# Titus Watches



## dombox40

Hi I know quite a few of you lads own Titus watches with the F300 movements and very nice they are to(must get one), my question, is their a link between Titus and the modern day watches made by Sovil et Titus. I own a 1936 Manual wind Titus(sse pics) which has the same motif as your F300 and a couple of modern day quartz branded Sovil et Titus see pics,I assume titus no longer exists as a company.


----------



## Stuart Davies

On the case-back of my F300 is says Sovil et Titus so i guess they are one and the same.


----------



## dombox40

Stuart Davies said:


> On the case-back of my F300 is says Sovil et Titus so i guess they are one and the same.


Thanks for that Stuart I suppose at some time they must have amalgamated with a company called Solvil, the wind up I have is only marked Titus and is from 1936. Cant say I,ve ever seen a Solvil watch though but I expect someone will pop up with one from somewhere.


----------



## watchnutz

This is what I found about Solvil et Titus.

"Solvil et Titus is a affortable Swiss watch company that is owned by City Chain. City Chain operates stores in Hong Kong, Macau, China, Thailand, Malaysia and Singapore."

The question is, I guess, when did this occur. I would guess it is like a lot of old watch company names that have been bought up and now used by others to capitalize on previous reputation. Certainly the tuning fork ones have to be old stock movements since I doubt that technology is cost effective to fake. Certainly the wreath logo is the same on the old and new watches.


----------



## dombox40

Hi bill I was just looking at a Titus chronograph from the 1950s and I see they were using a valjoux movement in that, just wondering if they were watchmakers who made no movements of their own but just bought in what they wanted,even mine is only marked swiss made.


----------



## watchnutz

The most common method of watch making (especially Swiss) is ebauche. That is to say a manufacturer makes unfinished movements only, for use by a finishing company. That is why your will find some marques that have different movements in different years. That started with the Swiss and led to the demise of the American watch companies that manufactured complete watches, such as Hamilton etc.. ESA was originally a group of individual Swiss movement makers and of course you find their movements in just about every Swiss watch. Of course today the Chinese and Japenese also have suppliers of movements.


----------



## dombox40

watchnutz said:


> The most common method of watch making (especially Swiss) is ebauche. That is to say a manufacturer makes unfinished movements only, for use by a finishing company. That is why your will find some marques that have different movements in different years. That started with the Swiss and led to the demise of the American watch companies that manufactured complete watches, such as Hamilton etc.. ESA was originally a group of individual Swiss movement makers and of course you find their movements in just about every Swiss watch. Of course today the Chinese and Japenese also have suppliers of movements.
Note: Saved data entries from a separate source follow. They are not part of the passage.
(* Let $A \subseteq \mathbb{R}^d$ be a stationary Poisson point process. Then $A$ satisfies the mixed regularity property in expectation: for every $0 \le p \le d$, the total expected measure of the boundary $p$-tiles of the $d$-ball of radius $R$ centered at the origin is $o(R^d)$ as $R \to \infty$.
   Context: For a locally finite $A$, $\mathrm{Del}(A)$ is its Delaunay mosaic and, for a $p$-cell $\gamma \in \mathrm{Del}(A)$, $\gamma^*$ its dual $(d-p)$-dimensional Voronoi cell. $\mathrm{Gr}(p,d)$ is the Grassmannian of linear $p$-planes in $\mathbb{R}^d$, and $\mathbb{R}^d \times \mathrm{Gr}(p,d)$ carries the product of Lebesgue measure and the uniform probability measure on $\mathrm{Gr}(p,d)$. The $p$-tile of $\gamma$ is $J(\gamma,\gamma^* ) = \{(x,L) : x \in \text{the orthogonal projection of } \gamma \text{ onto } L+x, \text{ and } (L+x)\cap\gamma^* \neq \emptyset\}$. For a set $\Omega \subseteq \mathbb{R}^d$, a $p$-tile is a boundary tile of $\Omega$ if its projection to $\mathbb{R}^d$ contains at least one point in $\Omega$ and at least one point outside $\Omega$. *)

theory Defs
  imports "HOL-Probability.Probability"
begin

definition locally_finite_set :: "'a::euclidean_space set \<Rightarrow> bool" where
  "locally_finite_set A \<longleftrightarrow> (\<forall>B. bounded B \<longrightarrow> finite (A \<inter> B))"

definition stationary_poisson_process ::
  "'w measure \<Rightarrow> ('w \<Rightarrow> 'a::euclidean_space set) \<Rightarrow> real \<Rightarrow> bool" where
  "stationary_poisson_process M X lam \<longleftrightarrow>
     prob_space M \<and> lam > 0 \<and>
     (\<forall>w\<in>space M. locally_finite_set (X w)) \<and>
     (\<forall>B. B \<in> sets borel \<and> bounded B \<longrightarrow>
        (\<lambda>w. card (X w \<inter> B)) \<in> measurable M (count_space UNIV) \<and>
        (\<forall>k::nat. measure M {w \<in> space M. card (X w \<inter> B) = k}
             = (lam * measure lborel B) ^ k / fact k * exp (- (lam * measure lborel B)))) \<and>
     (\<forall>(I::nat set) B. finite I \<and> disjoint_family_on B I \<and>
        (\<forall>i\<in>I. B i \<in> sets borel \<and> bounded (B i)) \<longrightarrow>
        prob_space.indep_vars M (\<lambda>_. count_space UNIV) (\<lambda>i w. card (X w \<inter> B i)) I)"

definition nearest :: "'a::euclidean_space set \<Rightarrow> 'a \<Rightarrow> 'a set" where
  "nearest A x = {a \<in> A. \<forall>b\<in>A. dist x a \<le> dist x b}"

text \<open>Vertex sets Q of the cells of Del(A): Q is the set of nearest points of A for some x.
  The Delaunay cell is gamma = convex hull Q (Q is exactly its vertex set, since all points of Q
  lie on a common sphere), and its dual Voronoi cell is the set of points having all of Q
  among their nearest points.\<close>
definition delaunay_vertex_sets :: "'a::euclidean_space set \<Rightarrow> 'a set set" where
  "delaunay_vertex_sets A = {Q. Q \<noteq> {} \<and> (\<exists>x. nearest A x = Q)}"

definition delaunay_cell :: "'a::euclidean_space set \<Rightarrow> 'a set" where
  "delaunay_cell Q = convex hull Q"

definition voronoi_dual :: "'a::euclidean_space set \<Rightarrow> 'a set \<Rightarrow> 'a set" where
  "voronoi_dual A Q = {x. Q \<subseteq> nearest A x}"

definition delaunay_pcells :: "'a::euclidean_space set \<Rightarrow> nat \<Rightarrow> 'a set set" where
  "delaunay_pcells A p = {Q \<in> delaunay_vertex_sets A. aff_dim (delaunay_cell Q) = int p}"

definition grassmannian :: "nat \<Rightarrow> 'a::euclidean_space set set" where
  "grassmannian p = {L. subspace L \<and> dim L = p}"

definition tile :: "nat \<Rightarrow> 'a::euclidean_space set \<Rightarrow> 'a set \<Rightarrow> ('a \<times> 'a set) set" where
  "tile p gam gamstar =
     {(x, L). L \<in> grassmannian p \<and>
        x \<in> (\<lambda>y. closest_point ((\<lambda>v. x + v) ` L) y) ` gam \<and>
        ((\<lambda>v. x + v) ` L) \<inter> gamstar \<noteq> {}}"

definition ptile :: "'a::euclidean_space set \<Rightarrow> nat \<Rightarrow> 'a set \<Rightarrow> ('a \<times> 'a set) set" where
  "ptile A p Q = tile p (delaunay_cell Q) (voronoi_dual A Q)"

definition boundary_tile :: "'a set \<Rightarrow> ('a \<times> 'b) set \<Rightarrow> bool" where
  "boundary_tile \<Omega> J \<longleftrightarrow> (\<exists>x\<in>fst ` J. x \<in> \<Omega>) \<and> (\<exists>x\<in>fst ` J. x \<notin> \<Omega>)"

definition std_gauss :: "'a::euclidean_space measure" where
  "std_gauss = density lborel
     (\<lambda>x. ennreal ((2 * pi) powr (- real DIM('a) / 2) * exp (- (norm x)\<^sup>2 / 2)))"

text \<open>Integral with respect to the uniform (rotation invariant) probability measure on Gr(p,d),
  realised as the law of the span of p independent standard Gaussian vectors.\<close>
definition grass_nn_integral :: "nat \<Rightarrow> ('a::euclidean_space set \<Rightarrow> ennreal) \<Rightarrow> ennreal" where
  "grass_nn_integral p f =
     (\<integral>\<^sup>+ v. f (span (v ` {..<p})) \<partial>(PiM {..<p} (\<lambda>_. std_gauss :: 'a measure)))"

text \<open>Measure of a set J of pairs (x,L) under Lebesgue x uniform Grassmannian measure
  (computed by Tonelli: integrate over L the Lebesgue measure of the slice).\<close>
definition tile_measure :: "nat \<Rightarrow> ('a::euclidean_space \<times> 'a set) set \<Rightarrow> ennreal" where
  "tile_measure p J = grass_nn_integral p (\<lambda>L. emeasure lebesgue {x. (x, L) \<in> J})"

definition boundary_ptile_measure :: "'a::euclidean_space set \<Rightarrow> nat \<Rightarrow> 'a set \<Rightarrow> ennreal" where
  "boundary_ptile_measure A p \<Omega> =
     (\<Sum>\<^sub>\<infinity> Q \<in> {Q \<in> delaunay_pcells A p. boundary_tile \<Omega> (ptile A p Q)}.
        tile_measure p (ptile A p Q))"

end

theory Submission
  imports Defs
begin

text \<open>Each Delaunay cell is anchored at the lattice point k next to one of its vertices and charged
  at the least scale m = n + 1 at which every grid cube of side m near k contains a point of A.
  At that scale every empty ball through a vertex has radius below 2 d m (d = DIM('a)). Hence the
  tiles of a boundary cell have measure O(m^d), the cell lies in the cube of radius 5 d m around k,
  the number of such cells is at most N^(p+1) for the number N of points of A in that cube, and k lies
  in a shell of width O(m) around the sphere of radius R. For a Poisson process the scale n + 1
  is needed only with probability O(exp (- lam n^d)), while the moments of N grow polynomially in n.
  So the expected charge decays rapidly in n, and summing over the O(R^(d-1) n^d) lattice points
  of each shell bounds the expected total measure by O(R^(d-1)) = o(R^d).\<close>

section \<open>The integer lattice and grid cubes\<close>

definition int_lattice :: "'a::euclidean_space set" where
  "int_lattice = {k. \<forall>b\<in>Basis. k \<bullet> b \<in> \<int>}"

definition lattice_floor :: "'a::euclidean_space \<Rightarrow> 'a" where
  "lattice_floor x = (\<Sum>b\<in>Basis. of_int \<lfloor>x \<bullet> b\<rfloor> *\<^sub>R b)"

definition grid_cube :: "real \<Rightarrow> 'a::euclidean_space \<Rightarrow> 'a set" where
  "grid_cube s j = cbox (s *\<^sub>R j) (s *\<^sub>R j + s *\<^sub>R One)"

definition centered_cube :: "'a::euclidean_space \<Rightarrow> real \<Rightarrow> 'a set" where
  "centered_cube k c = cbox (k - c *\<^sub>R One) (k + c *\<^sub>R One)"

lemma inner_lattice_floor: "b \<in> Basis \<Longrightarrow> lattice_floor x \<bullet> b = of_int \<lfloor>x \<bullet> b\<rfloor>"
  unfolding lattice_floor_def by simp

lemma lattice_floor_in_int_lattice: "lattice_floor x \<in> int_lattice"
  by (simp add: int_lattice_def inner_lattice_floor)

lemma countable_int_lattice: "countable (int_lattice :: 'a::euclidean_space set)"
proof (rule countable_image_inj_on)
  let ?coords = "\<lambda>k::'a. restrict (\<lambda>b. \<lfloor>k \<bullet> b\<rfloor>) Basis"
  show "countable (?coords ` int_lattice)"
    by (rule countable_subset[of _ "Basis \<rightarrow>\<^sub>E UNIV"]) (auto intro: countable_PiE)
  show "inj_on ?coords int_lattice"
  proof (rule inj_onI)
    fix k k' :: 'a assume "k \<in> int_lattice" "k' \<in> int_lattice" "?coords k = ?coords k'"
    then have "of_int \<lfloor>k \<bullet> b\<rfloor> = k \<bullet> b" "of_int \<lfloor>k' \<bullet> b\<rfloor> = k' \<bullet> b"
      and "\<lfloor>k \<bullet> b\<rfloor> = \<lfloor>k' \<bullet> b\<rfloor>" if "b \<in> Basis" for b
      using that unfolding int_lattice_def by (auto simp: of_int_floor dest: fun_cong[of _ _ b])
    then show "k = k'" by (metis euclidean_eqI)
  qed
qed

lemma int_lattice_eqI:
  assumes "k \<in> int_lattice" "k' \<in> int_lattice" "\<And>b. b \<in> Basis \<Longrightarrow> \<bar>k \<bullet> b - k' \<bullet> b\<bar> < 1"
  shows "k = k'"
proof (rule euclidean_eqI)
  fix b :: 'a assume "b \<in> Basis"
  with assms have "k \<bullet> b - k' \<bullet> b \<in> \<int>" "\<bar>k \<bullet> b - k' \<bullet> b\<bar> < 1"
    unfolding int_lattice_def by auto
  then show "k \<bullet> b = k' \<bullet> b" using Ints_nonzero_abs_less1 by fastforce
qed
So how does that fit in with my Titus which has a british made dennison gold case did they just buy in the movement and case and just put their dial on it. or was it dennison buying the movement and dial from Titus.


----------



## watchnutz

I can't address your particular watch, but yes it is not uncommon for finishers to buy cases just as they do movements. this was especially true with vintage watches. Even Hamilton, here in the states, used a few different case makers with Star being perhaps the largest.


----------